Canberra, Aug 20 (IANS): Australian Prime Minister Scott Morrison on Friday encouraged citizens to persevere through lockdowns as the country continues to battle a third wave of Covid-19 infections and the vaccine rollout accelerates.
Australia recorded 711 new locally-acquired cases of Covid-19 on Friday morning, a second day in a row to report more than 700 new cases, reports Xinhua news agency.
Addressing the media in Canberra at Parliament House, Morrison issued a reminder to state and territory leaders that restrictions should be eased when 70 per cent of the population is vaccinated under the four-stage plan out of the pandemic.
As of Friday approximately 28 per cent of Australian adults were fully vaccinated but Morrison said the rollout was ramping up with more than 300,000 jabs administered on two consecutive days for the first time.
"That is really hitting the marks that we need to hit for us to achieve the objectives of our national plan," he said.
"We've said you've, you've persevering the lockdowns. You're taking the instructions. You're making the sacrifices... And the national plan is a deal with Australians, which says when we achieve those marks of 70 per cent and 80 per cent, there'll be changes.
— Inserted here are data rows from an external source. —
lemma subset_ring_adjoin: "R \<subseteq> ring_adjoin R g"
proof
  fix x assume "x \<in> R"
  then show "x \<in> ring_adjoin R g"
    by (intro ring_adjoinI[of "\<lambda>i. if i = 0 then x else 0" _ 1]) (simp_all add: subring_zero[OF R])
qed

lemma mem_ring_adjoin_self: "g \<in> ring_adjoin R g"
  by (intro ring_adjoinI[of "\<lambda>i. if i = 1 then 1 else 0" _ 2])
    (simp_all add: subring_zero[OF R] subring_one[OF R] numeral_2_eq_2)

lemma ring_adjoin_add:
  assumes "x \<in> ring_adjoin R g" "y \<in> ring_adjoin R g"
  shows "x + y \<in> ring_adjoin R g"
proof -
  obtain n r where r: "\<forall>i. r i \<in> R" "\<forall>i\<ge>n. r i = 0" "x = (\<Sum>i<n. r i * g ^ i)"
    using assms(1) by (rule ring_adjoinE)
  obtain m q where q: "\<forall>i. q i \<in> R" "\<forall>i\<ge>m. q i = 0" "y = (\<Sum>i<m. q i * g ^ i)"
    using assms(2) by (rule ring_adjoinE)
  have "x + y = (\<Sum>i<max n m. (r i + q i) * g ^ i)"
    using r q sum_powers_extend[of n r "max n m" g] sum_powers_extend[of m q "max n m" g]
    by (simp add: sum.distrib distrib_right)
  then show ?thesis
    using r q subring_add[OF R] by (intro ring_adjoinI) auto
qed

lemma ring_adjoin_uminus: "x \<in> ring_adjoin R g \<Longrightarrow> - x \<in> ring_adjoin R g"
  by (erule ring_adjoinE, rule ring_adjoinI[of "\<lambda>i. - _ i"])
    (simp_all add: subring_uminus[OF R] sum_negf)

lemma ring_adjoin_sum:
  "(\<And>i. i \<in> A \<Longrightarrow> f i \<in> ring_adjoin R g) \<Longrightarrow> sum f A \<in> ring_adjoin R g"
  using subset_ring_adjoin subring_zero[OF R]
  by (induction A rule: infinite_finite_induct) (auto simp: ring_adjoin_add)

lemma ring_adjoin_mult_power:
  assumes "x \<in> ring_adjoin R g"
  shows "x * g ^ k \<in> ring_adjoin R g"
proof (induction k)
  case (Suc k)
  obtain n r where r: "\<forall>i. r i \<in> R" "\<forall>i\<ge>n. r i = 0" "x * g ^ k = (\<Sum>i<n. r i * g ^ i)"
    using Suc.IH by (rule ring_adjoinE)
  define r' where "r' i = (if i = 0 then 0 else r (i - 1))" for i
  have "x * g ^ Suc k = x * g ^ k * g"
    by (simp add: power_commutes mult.assoc)
  also have "\<dots> = (\<Sum>i<n. r i * g ^ Suc i)"
    by (simp add: r(3) power_Suc2 mult.assoc sum_distrib_right power_commutes)
  also have "\<dots> = (\<Sum>i<Suc n. r' i * g ^ i)"
    unfolding sum.lessThan_Suc_shift by (simp add: r'_def)
  finally have "x * g ^ Suc k = (\<Sum>i<Suc n. r' i * g ^ i)" .
  moreover have "\<forall>i. r' i \<in> R" "\<forall>i\<ge>Suc n. r' i = 0"
    using r subring_zero[OF R] by (auto simp: r'_def)
  ultimately show ?case
    by (intro ring_adjoinI)
qed (simp add: assms)

lemma ring_adjoin_mult_coeff:
  assumes "x \<in> ring_adjoin R g" "q \<in> R" "g \<in> ring_center"
  shows "x * q \<in> ring_adjoin R g"
proof -
  obtain n r where r: "\<forall>i. r i \<in> R" "\<forall>i\<ge>n. r i = 0" "x = (\<Sum>i<n. r i * g ^ i)"
    using assms(1) by (rule ring_adjoinE)
  have "g ^ i * q = q * g ^ i" for i
    using ring_center_commute subring_power[OF is_subring_ring_center assms(3)] by blast
  then have "x * q = (\<Sum>i<n. (r i * q) * g ^ i)"
    using r(3) by (simp add: sum_distrib_right mult.assoc)
  then show ?thesis
    using r assms(2) subring_mult[OF R] by (intro ring_adjoinI) auto
qed

lemma is_subring_ring_adjoin:
  assumes "g \<in> ring_center"
  shows "is_subring (ring_adjoin R g) UNIV"
  unfolding is_subring_UNIV_iff
proof (intro conjI ballI)
  show "1 \<in> ring_adjoin R g"
    using subset_ring_adjoin subring_one[OF R] by blast
  fix x y assume x: "x \<in> ring_adjoin R g" and y: "y \<in> ring_adjoin R g"
  show "x + y \<in> ring_adjoin R g"
    using x y by (rule ring_adjoin_add)
  obtain m q where q: "\<forall>i. q i \<in> R" "y = (\<Sum>i<m. q i * g ^ i)"
    using y by (rule ring_adjoinE)
  have "x * y = (\<Sum>i<m. x * q i * g ^ i)"
    using q(2) by (simp add: sum_distrib_left mult.assoc)
  then show "x * y \<in> ring_adjoin R g"
    using q(1) x assms
    by (auto intro!: ring_adjoin_sum ring_adjoin_mult_power ring_adjoin_mult_coeff)
qed (rule ring_adjoin_uminus)

end

lemma is_subring_right_multipliers:
  assumes "\<And>b b'. b \<in> Q \<Longrightarrow> b' \<in> Q \<Longrightarrow> b + b' \<in> Q" and "\<And>b. b \<in> Q \<Longrightarrow> - b \<in> Q"
  shows "is_subring {x. \<forall>b\<in>Q. b * x \<in> Q} UNIV"
  using assms unfolding is_subring_UNIV_iff by (simp add: distrib_left mult.assoc[symmetric])

text \<open>For g integral over R, Q is the conductor {b. b R[g] \<subseteq> R}, tested on the spanning
  set 1, g, ..., g^(m-1) of R[g].\<close>

lemma integral_element_multipliers:
  fixes R T :: "'a::ring_1 set"
  assumes R: "is_subring R T" and g: "g \<in> ring_center"
    and m: "0 < m" and q: "\<forall>j. q j \<in> R" and rel: "g ^ m = (\<Sum>j<m. q j * g ^ j)"
  defines "Q \<equiv> {b \<in> R. \<forall>j<m. b * g ^ j \<in> R}"
  shows "is_subring {x. \<forall>b\<in>Q. b * x \<in> Q} UNIV"
    and "R \<subseteq> {x. \<forall>b\<in>Q. b * x \<in> Q}"
    and "g \<in> {x. \<forall>b\<in>Q. b * x \<in> Q}"
proof -
  show "is_subring {x. \<forall>b\<in>Q. b * x \<in> Q} UNIV"
    by (rule is_subring_right_multipliers)
      (auto simp: Q_def distrib_right subring_add[OF R] subring_uminus[OF R])
  have mult_R: "b * r \<in> Q" if "b \<in> Q" "r \<in> R" for b r
  proof -
    have "b * r * g ^ j = b * g ^ j * r" for j
      using ring_center_commute[OF subring_power[OF is_subring_ring_center g], of j r]
      by (simp add: mult.assoc)
    then show ?thesis
      using that subring_mult[OF R] by (simp add: Q_def)
  qed
  then show "R \<subseteq> {x. \<forall>b\<in>Q. b * x \<in> Q}" by blast
  have step: "b * g ^ Suc j \<in> R" if b: "b \<in> Q" and j: "j < m" for b j
  proof (cases "Suc j < m")
    case True
    then show ?thesis using b unfolding Q_def by blast
  next
    case False
    then have "Suc j = m"
      using j by simp
    then have "b * g ^ Suc j = b * (\<Sum>i<m. q i * g ^ i)"
      using rel by simp
    also have "\<dots> = (\<Sum>i<m. b * q i * g ^ i)"
      by (simp add: sum_distrib_left mult.assoc)
    also have "\<dots> \<in> R"
      using b q mult_R by (intro subring_sum[OF R]) (simp add: Q_def)
    finally show ?thesis .
  qed
  then show "g \<in> {x. \<forall>b\<in>Q. b * x \<in> Q}"
    using step[of _ 0] m by (auto simp: Q_def mult.assoc simp flip: power_Suc)
qed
And I'm committed to that plan."
About half the Australian population in New South Wales (NSW), Victoria and the Australian Capital Territory (ACT) was still in lockdown on Friday.
A vast majority of Friday's new cases were in NSW, Australia's most populous state, with Sydney as the capital city, and 55 in Victoria, where Melbourne is the capital city of the state.
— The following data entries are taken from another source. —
(* For every integer $n\ge 0$ and every complex number $x$, \[ \sum_{j=0}^{n}(-1)^jL_{n-2j}(x)=\sum_{j=0}^{n}\left(\frac{x}{2}\right)^jL_{n-j}(x)=2F_{n+1}(x). \] In particular, with Pell numbers $P_n=F_n(2)$ and Pell–Lucas numbers $Q_n=L_n(2)$, $\sum_{j=0}^n(-1)^jQ_{n-2j}=\sum_{j=0}^nQ_{n-j}=2P_{n+1}$.
   Context: The Fibonacci polynomials $F_n(x)$ and Lucas polynomials $L_n(x)$ are defined by $F_0(x)=0$, $F_1(x)=1$, $L_0(x)=2$, $L_1(x)=x$ and $G_{n+1}(x)=xG_n(x)+G_{n-1}(x)$; they are extended to negative indices by $F_{-n}(x)=(-1)^{n-1}F_n(x)$ and $L_{-n}(x)=(-1)^nL_n(x)$ (equivalently, by the Binet forms $F_n(x)=(\alpha(x)^n-\beta(x)^n)/(\alpha(x)-\beta(x))$, $L_n(x)=\alpha(x)^n+\beta(x)^n$ with $\alpha(x),\beta(x)=(x\pm\sqrt{x^2+4})/2$). *)

theory Defs
  imports Complex_Main
begin

fun fibp_nat :: "complex \<Rightarrow> nat \<Rightarrow> complex" where
  "fibp_nat x 0 = 0"
| "fibp_nat x (Suc 0) = 1"
| "fibp_nat x (Suc (Suc n)) = x * fibp_nat x (Suc n) + fibp_nat x n"

fun lucp_nat :: "complex \<Rightarrow> nat \<Rightarrow> complex" where
  "lucp_nat x 0 = 2"
| "lucp_nat x (Suc 0) = x"
| "lucp_nat x (Suc (Suc n)) = x * lucp_nat x (Suc n) + lucp_nat x n"

definition fibp :: "complex \<Rightarrow> int \<Rightarrow> complex" where
  "fibp x k = (if k \<ge> 0 then fibp_nat x (nat k)
               else (-1) ^ (nat (-k) - 1) * fibp_nat x (nat (-k)))"

definition lucp :: "complex \<Rightarrow> int \<Rightarrow> complex" where
  "lucp x k = (if k \<ge> 0 then lucp_nat x (nat k)
               else (-1) ^ nat (-k) * lucp_nat x (nat (-k)))"

end

theory Submission
  imports Defs
begin

text \<open>Both sums satisfy short recurrences. Splitting off the first term, the
  weighted sum S(n) satisfies S(n+1) = L(n+1) + (x/2) S(n), matching
  2F(n+2) = L(n+1) + x F(n+1). Splitting off the first and last terms, the
  alternating sum T(n) satisfies T(n+2) = 2L(n+2) - T(n), because
  (-1)^(n+2) L(-(n+2)) = L(n+2); this matches 2F(n+3) = 2L(n+2) - 2F(n+1),
  which follows from L(m) = F(m+1) + F(m-1).\<close>

lemma fibp_of_nat [simp]: "fibp x (int n) = fibp_nat x n"
  by (simp add: fibp_def)

lemma fibp_of_nat_add_one [simp]: "fibp x (int n + 1) = fibp_nat x (Suc n)"
  by (simp add: fibp_def nat_add_distrib)

lemma lucp_of_nat [simp]: "lucp x (int n) = lucp_nat x n"
  by (simp add: lucp_def)

lemma lucp_uminus_of_nat: "lucp x (- int n) = (-1) ^ n * lucp_nat x n"
  by (cases "n = 0") (simp_all add: lucp_def)

lemma lucp_nat_add_mult_fibp_nat: "lucp_nat x n + x * fibp_nat x n = 2 * fibp_nat x (Suc n)"
proof (induction n rule: induct_nat_012)
  case (ge2 n)
  have "lucp_nat x (Suc (Suc n)) + x * fibp_nat x (Suc (Suc n))
      = x * (lucp_nat x (Suc n) + x * fibp_nat x (Suc n)) + (lucp_nat x n + x * fibp_nat x n)"
    by (simp add: algebra_simps)
  also have "\<dots> = 2 * (x * fibp_nat x (Suc (Suc n)) + fibp_nat x (Suc n))"
    unfolding ge2 by (simp only: distrib_left mult.left_commute)
  finally show ?case by simp
qed simp_all

lemma lucp_nat_eq_fibp_nat_add: "lucp_nat x (Suc n) = fibp_nat x (Suc (Suc n)) + fibp_nat x n"
proof (induction n rule: induct_nat_012)
  case (ge2 n)
  have "lucp_nat x (Suc (Suc (Suc n))) = x * lucp_nat x (Suc (Suc n)) + lucp_nat x (Suc n)"
    by simp
  also have "\<dots> = fibp_nat x (Suc (Suc (Suc (Suc n)))) + fibp_nat x (Suc (Suc n))"
    unfolding ge2 by (simp add: algebra_simps)
  finally show ?case .
qed simp_all

lemma sum_half_power_mult_lucp_nat:
  "(\<Sum>j\<le>n. (x / 2) ^ j * lucp_nat x (n - j)) = 2 * fibp_nat x (Suc n)"
proof (induction n)
  case 0
  show ?case by simp
next
  case (Suc n)
  have "(\<Sum>j\<le>Suc n. (x / 2) ^ j * lucp_nat x (Suc n - j))
      = lucp_nat x (Suc n) + (x / 2) * (\<Sum>j\<le>n. (x / 2) ^ j * lucp_nat x (n - j))"
    by (subst sum.atMost_Suc_shift) (simp add: sum_distrib_left mult.assoc)
  also have "\<dots> = 2 * fibp_nat x (Suc (Suc n))"
    using Suc lucp_nat_add_mult_fibp_nat[of x "Suc n"] by simp
  finally show ?case .
qed

lemma sum_half_power_mult_lucp:
  "(\<Sum>j\<le>n. (x / 2) ^ j * lucp x (int n - int j)) = 2 * fibp x (int n + 1)"
proof -
  have "lucp x (int n - int j) = lucp_nat x (n - j)" if "j \<le> n" for j
    using that lucp_of_nat[of x "n - j"] by (simp add: of_nat_diff)
  then have "(\<Sum>j\<le>n. (x / 2) ^ j * lucp x (int n - int j))
      = (\<Sum>j\<le>n. (x / 2) ^ j * lucp_nat x (n - j))"
    by (intro sum.cong) simp_all
  also have "\<dots> = 2 * fibp x (int n + 1)"
    using sum_half_power_mult_lucp_nat[of x n] by simp
  finally show ?thesis .
qed

lemma sum_alternating_lucp:
  "(\<Sum>j\<le>n. (-1) ^ j * lucp x (int n - 2 * int j)) = 2 * fibp x (int n + 1)"
proof (induction n rule: nat_induct2)
  case 0
  show ?case by (simp add: lucp_def fibp_def)
next
  case 1
  show ?case by (simp add: lucp_def fibp_def numeral_2_eq_2)
next
  case (step n)
  have last_term: "(-1) ^ Suc n * lucp x (int n - 2 * int (Suc n)) = - lucp_nat x (n + 2)"
    using lucp_uminus_of_nat[of x "n + 2"] by (simp add: algebra_simps)
  have "(\<Sum>j\<le>n + 2. (-1) ^ j * lucp x (int (n + 2) - 2 * int j))
      = lucp_nat x (n + 2) - (\<Sum>j\<le>Suc n. (-1) ^ j * lucp x (int n - 2 * int j))"
  proof -
    have "(\<Sum>j\<le>Suc n. (-1) ^ Suc j * lucp x (int (n + 2) - 2 * int (Suc j)))
        = - (\<Sum>j\<le>Suc n. (-1) ^ j * lucp x (int n - 2 * int j))"
      by (simp del: sum.atMost_Suc add: sum_negf[symmetric] algebra_simps)
    then show ?thesis
      using sum.atMost_Suc_shift[of "\<lambda>j. (-1) ^ j * lucp x (int (n + 2) - 2 * int j)" "Suc n"]
        lucp_of_nat[of x "n + 2"]
      by (simp del: sum.atMost_Suc)
  qed
  also have "\<dots> = 2 * lucp_nat x (n + 2) - 2 * fibp_nat x (n + 1)"
    using step last_term fibp_of_nat[of x "Suc n"] by (simp add: algebra_simps)
  also have "\<dots> = 2 * fibp_nat x (n + 3)"
    using lucp_nat_eq_fibp_nat_add[of x "Suc n"] by (simp add: numeral_3_eq_3)
  also have "\<dots> = 2 * fibp x (int (n + 2) + 1)"
    using fibp_of_nat[of x "n + 3"] by (simp add: numeral_3_eq_3)
  finally show ?case .
qed

theorem theorem9:
  fixes n :: nat and x :: complex
  shows "(\<Sum>j=0..n. (-1) ^ j * lucp x (int n - 2 * int j))
           = (\<Sum>j=0..n. (x / 2) ^ j * lucp x (int n - int j))
       \<and> (\<Sum>j=0..n. (x / 2) ^ j * lucp x (int n - int j)) = 2 * fibp x (int n + 1)"
  unfolding atLeast0AtMost sum_alternating_lucp sum_half_power_mult_lucp by simp

end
NSW, the epicentre of the country's current Covid outbreak, announced on Friday to extend the lockdown on Greater Sydney until the end of September and to impose a curfew on some areas of concern.
Twelve of the new cases were in the ACT, taking the total number of cases linked to an outbreak in Canberra to 94 as the nation's capital enters its second week of lockdown.
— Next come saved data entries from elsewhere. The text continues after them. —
lemma row_weighted_factor_gap_AE:
  fixes W1 W2 :: "'a \<times> 'a \<Rightarrow> real"
  assumes a: "0 \<le> a" and K1: "W1 \<in> kernels M" and K2: "W2 \<in> kernels M"
  shows "AE x in M. \<bar>exp_neg a (lmarg M W1 x) - exp_neg a (lmarg M W2 x)\<bar> * (\<integral>y. W2 (x, y) \<partial>M)
                     \<le> (1 + exp (-1)) * \<bar>\<integral>y. W1 (x, y) - W2 (x, y) \<partial>M\<bar>"
  using exp_neg_lmarg_AE[OF K1, of a] exp_neg_lmarg_AE[OF K2, of a]
proof eventually_elim
  case (elim x)
  have "0 \<le> (\<integral>y. W1 (x, y) \<partial>M)" "0 \<le> (\<integral>y. W2 (x, y) \<partial>M)"
    using K1 K2 by (auto simp: kernels_def)
  then show ?case
    using exp_gap_weighted[OF a] elim by auto
qed

text \<open>Changing the left tilting factor from the one of \<open>W\<^sub>2\<close> to the one of \<open>W\<^sub>1\<close> moves any
  bounded test integral of \<open>W\<^sub>2\<close> by at most \<open>1 + 1/e\<close> times the cut norm of \<open>W\<^sub>1 - W\<^sub>2\<close>:
  integrate the pointwise estimate above and apply row_integral_abs_le_cut_norm.\<close>
lemma left_factor_gap:
  fixes W1 W2 h :: "'a \<times> 'a \<Rightarrow> real"
  assumes a: "0 \<le> a" and K1: "W1 \<in> kernels M" and K2: "W2 \<in> kernels M"
    and [measurable]: "h \<in> borel_measurable (M \<Otimes>\<^sub>M M)" and h_bounded: "\<And>z. \<bar>h z\<bar> \<le> 1"
  shows "\<bar>\<integral>z. (exp_neg a (lmarg M W1 (fst z)) - exp_neg a (lmarg M W2 (fst z))) * W2 z * h z
            \<partial>(M \<Otimes>\<^sub>M M)\<bar> \<le> (1 + exp (-1)) * cut_norm M (\<lambda>z. W1 z - W2 z)"
proof -
  interpret P: pair_sigma_finite M M ..
  have [measurable]: "W1 \<in> borel_measurable (M \<Otimes>\<^sub>M M)" "W2 \<in> borel_measurable (M \<Otimes>\<^sub>M M)"
    and W1: "integrable (M \<Otimes>\<^sub>M M) W1" and W2: "integrable (M \<Otimes>\<^sub>M M) W2"
    and W2_nonneg: "\<And>z. 0 \<le> W2 z"
    using K1 K2 by (auto simp: kernels_def)
  define u1 where "u1 x = exp_neg a (lmarg M W1 x)" for x
  define u2 where "u2 x = exp_neg a (lmarg M W2 x)" for x
  define gap where "gap x = \<bar>u1 x - u2 x\<bar>" for x
  define row2 where "row2 x = (\<integral>y. W2 (x, y) \<partial>M)" for x
  have [measurable]: "gap \<in> borel_measurable M" unfolding gap_def u1_def u2_def by measurable
  have gap_bounded: "\<bar>gap x\<bar> \<le> 1" for x
    using abs_exp_neg_diff_le_one[OF a] by (simp add: gap_def u1_def u2_def)
  have weighted: "integrable (M \<Otimes>\<^sub>M M) (\<lambda>z. gap (fst z) * W2 z)"
    using gap_bounded by (intro integrable_bounded_multiplier[OF W2]) auto
  have integrand: "integrable (M \<Otimes>\<^sub>M M) (\<lambda>z. (u1 (fst z) - u2 (fst z)) * W2 z * h z)"
    using gap_bounded h_bounded unfolding u1_def u2_def gap_def
    by (intro integrable_bounded_sandwich[OF W2]) auto
  have "\<bar>\<integral>z. (u1 (fst z) - u2 (fst z)) * W2 z * h z \<partial>(M \<Otimes>\<^sub>M M)\<bar>
      \<le> (\<integral>z. gap (fst z) * W2 z \<partial>(M \<Otimes>\<^sub>M M))"
  proof (rule integral_abs_bound[THEN order_trans], rule integral_mono)
    show "\<bar>(u1 (fst z) - u2 (fst z)) * W2 z * h z\<bar> \<le> gap (fst z) * W2 z" for z
      using mult_left_mono[OF h_bounded[of z], of "gap (fst z) * W2 z"] W2_nonneg[of z]
      by (simp add: gap_def abs_mult)
  qed (use integrand weighted in simp_all)
  also have "\<dots> = (\<integral>x. gap x * row2 x \<partial>M)"
    using P.integral_fst'[OF weighted] by (simp add: row2_def)
  also have "\<dots> \<le> (\<integral>x. (1 + exp (-1)) * \<bar>\<integral>y. W1 (x, y) - W2 (x, y) \<partial>M\<bar> \<partial>M)"
  proof (rule integral_mono_AE)
    show "integrable M (\<lambda>x. gap x * row2 x)"
      using P.integrable_fst'[OF weighted] by (simp add: row2_def)
    show "integrable M (\<lambda>x. (1 + exp (-1)) * \<bar>\<integral>y. W1 (x, y) - W2 (x, y) \<partial>M\<bar>)"
      using P.integrable_fst'[of "\<lambda>z. W1 z - W2 z"] W1 W2 by auto
  qed (use row_weighted_factor_gap_AE[OF a K1 K2] in \<open>simp add: gap_def u1_def u2_def row2_def\<close>)
  also have "\<dots> \<le> (1 + exp (-1)) * cut_norm M (\<lambda>z. W1 z - W2 z)"
    using row_integral_abs_le_cut_norm[of "\<lambda>z. W1 z - W2 z"] W1 W2
    by (simp add: mult_left_mono add_nonneg_nonneg)
  finally show ?thesis by (simp add: u1_def u2_def)
qed

text \<open>The mirror statement for the right tilting factor, obtained by transposition.\<close>
lemma right_factor_gap:
  fixes W1 W2 h :: "'a \<times> 'a \<Rightarrow> real"
  assumes b: "0 \<le> b" and K1: "W1 \<in> kernels M" and K2: "W2 \<in> kernels M"
    and [measurable]: "h \<in> borel_measurable (M \<Otimes>\<^sub>M M)" and h_bounded: "\<And>z. \<bar>h z\<bar> \<le> 1"
  shows "\<bar>\<integral>z. (exp_neg b (rmarg M W1 (snd z)) - exp_neg b (rmarg M W2 (snd z))) * W2 z * h z
            \<partial>(M \<Otimes>\<^sub>M M)\<bar> \<le> (1 + exp (-1)) * cut_norm M (\<lambda>z. W1 z - W2 z)"
proof -
  have [measurable]: "W1 \<in> borel_measurable (M \<Otimes>\<^sub>M M)" "W2 \<in> borel_measurable (M \<Otimes>\<^sub>M M)"
    using K1 K2 by (auto simp: kernels_def)
  define T1 where "T1 = kernel_transpose W1"
  define T2 where "T2 = kernel_transpose W2"
  define F where "F z = (exp_neg b (lmarg M T1 (fst z)) - exp_neg b (lmarg M T2 (fst z)))
                         * T2 z * kernel_transpose h z" for z
  have [measurable]: "F \<in> borel_measurable (M \<Otimes>\<^sub>M M)"
    unfolding F_def T1_def T2_def by measurable
  have "(\<lambda>z. (exp_neg b (rmarg M W1 (snd z)) - exp_neg b (rmarg M W2 (snd z))) * W2 z * h z)
      = kernel_transpose F"
    by (auto simp: fun_eq_iff F_def T1_def T2_def lmarg_transpose)
  moreover have "cut_norm M (\<lambda>z. T1 z - T2 z) = cut_norm M (\<lambda>z. W1 z - W2 z)"
  proof -
    have "(\<lambda>z. T1 z - T2 z) = kernel_transpose (\<lambda>z. W1 z - W2 z)"
      by (auto simp: fun_eq_iff T1_def T2_def)
    then show ?thesis by (simp add: cut_norm_transpose)
  qed
  moreover have "\<bar>integral\<^sup>L (M \<Otimes>\<^sub>M M) F\<bar> \<le> (1 + exp (-1)) * cut_norm M (\<lambda>z. T1 z - T2 z)"
    unfolding F_def T1_def T2_def using h_bounded
    by (intro left_factor_gap b kernels_transpose K1 K2) (auto simp: kernel_transpose_def)
  ultimately show ?thesis by (simp add: integral_kernel_transpose)
qed

lemma tilt_diff_split:
  "tilt M a b W1 z - tilt M a b W2 z
     = exp_neg a (lmarg M W1 (fst z)) * (W1 z - W2 z) * exp_neg b (rmarg M W1 (snd z))
     + (exp_neg a (lmarg M W1 (fst z)) - exp_neg a (lmarg M W2 (fst z))) * W2 z
         * exp_neg b (rmarg M W1 (snd z))
     + exp_neg a (lmarg M W2 (fst z)) * W2 z
         * (exp_neg b (rmarg M W1 (snd z)) - exp_neg b (rmarg M W2 (snd z)))"
  by (cases z) (simp add: tilt_def algebra_simps)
"It's gone from one case to nearly 100 in a week," ACT Chief Minister Andrew Barr said on Friday.
"If there was no lockdown and we just let it rip, it wouldn't be 100 cases, it would be possibly in the low thousands and we would have a serious problem, a Sydney-scale problem."
The Northern Territory (NT) on Friday recorded zero new cases for the consecutive days and lifted its lockdown.